I looked at addressing TIP 302, but it was complicated since Tcl virtualizes
the clock (like it does the filesystem).

------
nicbarth
Aha Tcl/Tk makes writing desktop apps fun! In my system admin days I used it
for little UI's to interface with my bash scripts. Running scripts or little
visualization tools on remote servers with X forwarding was pretty nifty too!

------
stkni
My first experience of Tcl/Tk was circa 2000. The finance house I worked at
had used it to implement a real-time order management system.

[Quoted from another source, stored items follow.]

(* Let $n\ge q\ge1$ be integers, $\lambda\in(0,1)$, and $r=\lceil n/q\rceil$. Then \[ \frac{r-(r-1)\lambda}{r} \;\ge\; \eta_\lambda(n,q) \;\ge\; \frac{r-(r-1)\lambda}{r+\lambda}. \] Furthermore, the graph $G$ on vertex set $[n]$ in which distinct $i,j$ are adjacent if and only if $i\equiv j \pmod r$ (so $G$ is a disjoint union of $r$ cliques and $\overline{P}(G;i)=\lceil i/r\rceil$) belongs to $\mathcal{G}_{n,q}$ and satisfies $\gamma_\lambda(G)\ge\frac{r-(r-1)\lambda}{r+\lambda}$.
   Context: For a finite base set $S$ and $f:2^S\to\mathbb{R}_{\ge0}$, write $f(A\mid B)=f(A\cup B)-f(B)$. $f$ is normalized if $f(\emptyset)=0$, monotone if $f(\{e\}\mid A)\ge0$ for all $e,A$, submodular if $f(\{e\}\mid A)\ge f(\{e\}\mid B)$ for $A\subseteq B\subseteq S$, $e\in S\setminus B$. Such $f$ has total curvature $\lambda\in(0,1)$ if $f(\{e\}\mid A)\ge(1-\lambda)f(\{e\})$ for all $e\in S$ and $A\subseteq S\setminus\{e\}$; $\mathcal{F}_\lambda$ is the set of normalized, monotone, submodular functions with total curvature $\lambda$. There are $n$ agents $[n]$ with decision sets $X_i\subseteq S$ forming a partition of $S$; action profiles $x\in X=X_1\times\cdots\times X_n$ are valued by $f(x)=f(\{x_1,\dots,x_n\})$, and $x_M=\{x_i:i\in M\}$. Let $x^{\mathrm{opt}}\in\arg\max_{x\in X}f(x)$. Given an undirected graph $G=([n],E)$ (information graph), let $\mathcal{N}_i=\{j<i:(j,i)\in E\}$. The generalized greedy algorithm produces $x^{\mathrm{sol}}$ with $x^{\mathrm{sol}}_i\in\arg\max_{x_i\in X_i}f(x_i\mid x^{\mathrm{sol}}_{\mathcal{N}_i})$, taking the worst among all possible greedy outcomes. Define $\gamma(f,X,G)=f(x^{\mathrm{sol}})/f(x^{\mathrm{opt}})$ and $\gamma_\lambda(G)=\inf_{f\in\mathcal{F}_\lambda,X}\gamma(f,X,G)$. Define recursively $\overline{P}(G;i)=1$ if $\mathcal{N}_i=\emptyset$ and $\overline{P}(G;i)=1+\max_{j\in\mathcal{N}_i}\overline{P}(G;j)$ otherwise; let $\mathcal{G}_{n,q}$ be the set of graphs on $[n]$ with $\max_i\overline{P}(G;i)\le q$, and $\eta_\lambda(n,q)=\sup_{G\in\mathcal{G}_{n,q}}\gamma_\lambda(G)$. *)

theory Defs
  imports Complex_Main "HOL-Library.FuncSet"
begin

definition marg :: "(nat set \<Rightarrow> real) \<Rightarrow> nat set \<Rightarrow> nat set \<Rightarrow> real" where
  "marg f A B = f (A \<union> B) - f B"

definition in_F :: "real \<Rightarrow> nat set \<Rightarrow> (nat set \<Rightarrow> real) \<Rightarrow> bool" where
  "in_F lam S f \<longleftrightarrow>
     (\<forall>A. A \<subseteq> S \<longrightarrow> f A \<ge> 0) \<and>
     f {} = 0 \<and>
     (\<forall>e A. e \<in> S \<and> A \<subseteq> S \<longrightarrow> marg f {e} A \<ge> 0) \<and>
     (\<forall>e A B. A \<subseteq> B \<and> B \<subseteq> S \<and> e \<in> S - B \<longrightarrow> marg f {e} A \<ge> marg f {e} B) \<and>
     (\<forall>e A. e \<in> S \<and> A \<subseteq> S - {e} \<longrightarrow> marg f {e} A \<ge> (1 - lam) * f {e})"

definition is_partition :: "nat \<Rightarrow> nat set \<Rightarrow> (nat \<Rightarrow> nat set) \<Rightarrow> bool" where
  "is_partition n S X \<longleftrightarrow>
     (\<forall>i\<in>{1..n}. X i \<noteq> {}) \<and>
     (\<forall>i\<in>{1..n}. \<forall>j\<in>{1..n}. i \<noteq> j \<longrightarrow> X i \<inter> X j = {}) \<and>
     (\<Union>i\<in>{1..n}. X i) = S"

definition is_graph :: "nat \<Rightarrow> (nat \<Rightarrow> nat \<Rightarrow> bool) \<Rightarrow> bool" where
  "is_graph n E \<longleftrightarrow> (\<forall>i j. E i j \<longrightarrow> E j i) \<and> (\<forall>i. \<not> E i i) \<and>
     (\<forall>i j. E i j \<longrightarrow> i \<in> {1..n} \<and> j \<in> {1..n})"

definition nbrs :: "(nat \<Rightarrow> nat \<Rightarrow> bool) \<Rightarrow> nat \<Rightarrow> nat set" where
  "nbrs E i = {j. j < i \<and> E j i}"

function Pbar :: "(nat \<Rightarrow> nat \<Rightarrow> bool) \<Rightarrow> nat \<Rightarrow> nat" where
  "Pbar E i = (if {j. j < i \<and> E j i} = {} then 1
               else 1 + Max ((\<lambda>j. Pbar E j) ` {j. j < i \<and> E j i}))"
  by pat_completeness auto
termination by (relation "measure snd") auto

definition profiles :: "nat \<Rightarrow> (nat \<Rightarrow> nat set) \<Rightarrow> (nat \<Rightarrow> nat) set" where
  "profiles n X = PiE {1..n} X"

definition fval :: "(nat set \<Rightarrow> real) \<Rightarrow> nat \<Rightarrow> (nat \<Rightarrow> nat) \<Rightarrow> real" where
  "fval f n x = f (x ` {1..n})"

definition opt_val :: "nat \<Rightarrow> (nat set \<Rightarrow> real) \<Rightarrow> (nat \<Rightarrow> nat set) \<Rightarrow> real" where
  "opt_val n f X = Max (fval f n ` profiles n X)"

text \<open>All possible outcomes of the generalized greedy algorithm (any tie-breaking).\<close>
definition greedy_outcomes ::
  "nat \<Rightarrow> (nat set \<Rightarrow> real) \<Rightarrow> (nat \<Rightarrow> nat set) \<Rightarrow> (nat \<Rightarrow> nat \<Rightarrow> bool) \<Rightarrow> (nat \<Rightarrow> nat) set" where
  "greedy_outcomes n f X E =
     {x \<in> profiles n X. \<forall>i\<in>{1..n}. \<forall>y\<in>X i.
        marg f {y} (x ` nbrs E i) \<le> marg f {x i} (x ` nbrs E i)}"

definition gamma ::
  "nat \<Rightarrow> (nat set \<Rightarrow> real) \<Rightarrow> (nat \<Rightarrow> nat set) \<Rightarrow> (nat \<Rightarrow> nat \<Rightarrow> bool) \<Rightarrow> real" where
  "gamma n f X E = Inf ((\<lambda>x. fval f n x / opt_val n f X) ` greedy_outcomes n f X E)"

Even better was the ability to attach to the running ui or server (yes we had
both), replace some of the code on-the-fly, and disconnect. Perhaps not so
amazing these days, but it was way ahead of anything else I'd seen upto that
point and pretty mind-bending for a C/C++ coder.

------
Uhhrrr
Those first quotes are attributed to "deepchip.com", but that's just the
archive of the E-mail Synopsys Users Group (ESNUG). For many years it was the
main watering hole for talking about EDA ("electronic design automation" ->
hardware design) software. Synopsys was only one of three big EDA companies,
but because there were so many tools in the chain, and they were (sometimes)
interoperable, all the different products from the different vendors would get
discussed, sometimes mercilessly.

Someone who wanted to play folk historian could probably have a lot of fun
going through the archive, assuming their eyes wouldn't glaze over at terms
like "cycle accuracy" or "serial loopback".

------
yellowapple
The only thing stopping me from using Tcl/Tk for literally every desktop
application I write is the lack of a good web view (which is unfortunately a
hard requirement for a lot of projects nowadays). If I can find (or develop) a
WebKit or WebEngine or Gecko or Servo or whatever widget for Tk that actually
works reasonably well, then I'd drop Python and Qt5 for that niche in a
heartbeat.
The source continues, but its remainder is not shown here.